Go famously gushes about its simple and readable language specification. One one hand kudos to Go for having a written specification and kudos for rigorously keeping the language simple.
But on the other, more pragmatic, hand a simple language spec means the language itself has fewer affordances out of the box. Programmers will be left to spin up their own designs for everything else. And, as we see in JavaScript, that’s a problem if you want to encourage a shared language community.
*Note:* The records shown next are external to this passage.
(* Let $G$ be a simple undirected graph on $n$ vertices, and let $\delta$ be the minimum vertex degree over all graphs in the LC orbit of $G$. Then $$Q(G,4)\le \frac{\gamma(\delta+1)+6^n}{2^n},\qquad\text{where}\qquad \gamma(d)=\sum_{t=0}^{n}\binom{n}{t}2^{t}\left(\sum_{k=\max(1,\,d+t-n)}^{t}\binom{t}{k}2^{\,n-k}\right).$$
   Context: All graphs are finite, simple and undirected. For a vertex $u$, $G\setminus u$ denotes $G$ with $u$ and all its incident edges removed. For a vertex $v$ with neighbourhood $N_v$ (the set of vertices adjacent to $v$), local complementation (LC) on $v$ transforms $G$ into $G*v$ by replacing the induced subgraph of $G$ on $N_v$ by its complement. For an edge $\{u,v\}$, edge local complementation is $G^{(uv)}=G*u*v*u$. The LC orbit of $G$ is the set of all graphs (up to isomorphism) obtainable from $G$ by any finite sequence of LC operations. The interlace polynomial $Q(G)=Q(G,x)$ is defined recursively: for the edgeless graph $E_n$ on $n$ vertices, $Q(E_n)=x^n$; for any other graph $G$, choose any edge $\{u,v\}$ and set $Q(G)=Q(G\setminus u)+Q(G^{(uv)}\setminus u)+Q((G*u)\setminus u)$ (this is independent of the choice of edge). *)

theory Defs
  imports "HOL-Computational_Algebra.Polynomial"
begin

type_synonym 'a graph = "'a set \<times> 'a set set"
Everyone comes up with their own patterns, patterns which may not be obvious even as they are made up of the common components from the language spec.
A little copying
Go actively encourages this way of programming with the idiom “a little copying is better than a little dependency.” Here they are actively avoiding one of the major pitfalls of NodeJS. But at what cost?
A lot of places
I say the cost is higher than the blithe quote indicates. A little copying from one place leads to an accumulation of a lot of copying from many places. Because the copying isn’t named, versioned, or isolated it is peppered throughout the resulting program. And that means if you find a flaw you have many places to fix. And, worse, if someone else finds a flaw you have no idea unless you come across and recognize the improved version of that little copy.
Go is for systems not applications
Now, to be clear, I don’t think this is a flaw for Go’s supposed primary purpose: a systems programming language. Systems programming should be short, simple, sharp tools to perform high quality work with a strong performance story. You don’t want to burden your systems with huge, complex, dull, and ill-performing tools. Excel is wonderful, Excel is not a systems tool. Excel is an application.
But many programmers out there are building, or trying to build, the equivalent to Excel in Go. To write not sharp tools but large applications in Go because Go has become their hammer and everything is a nail even if it’s a skyscraper.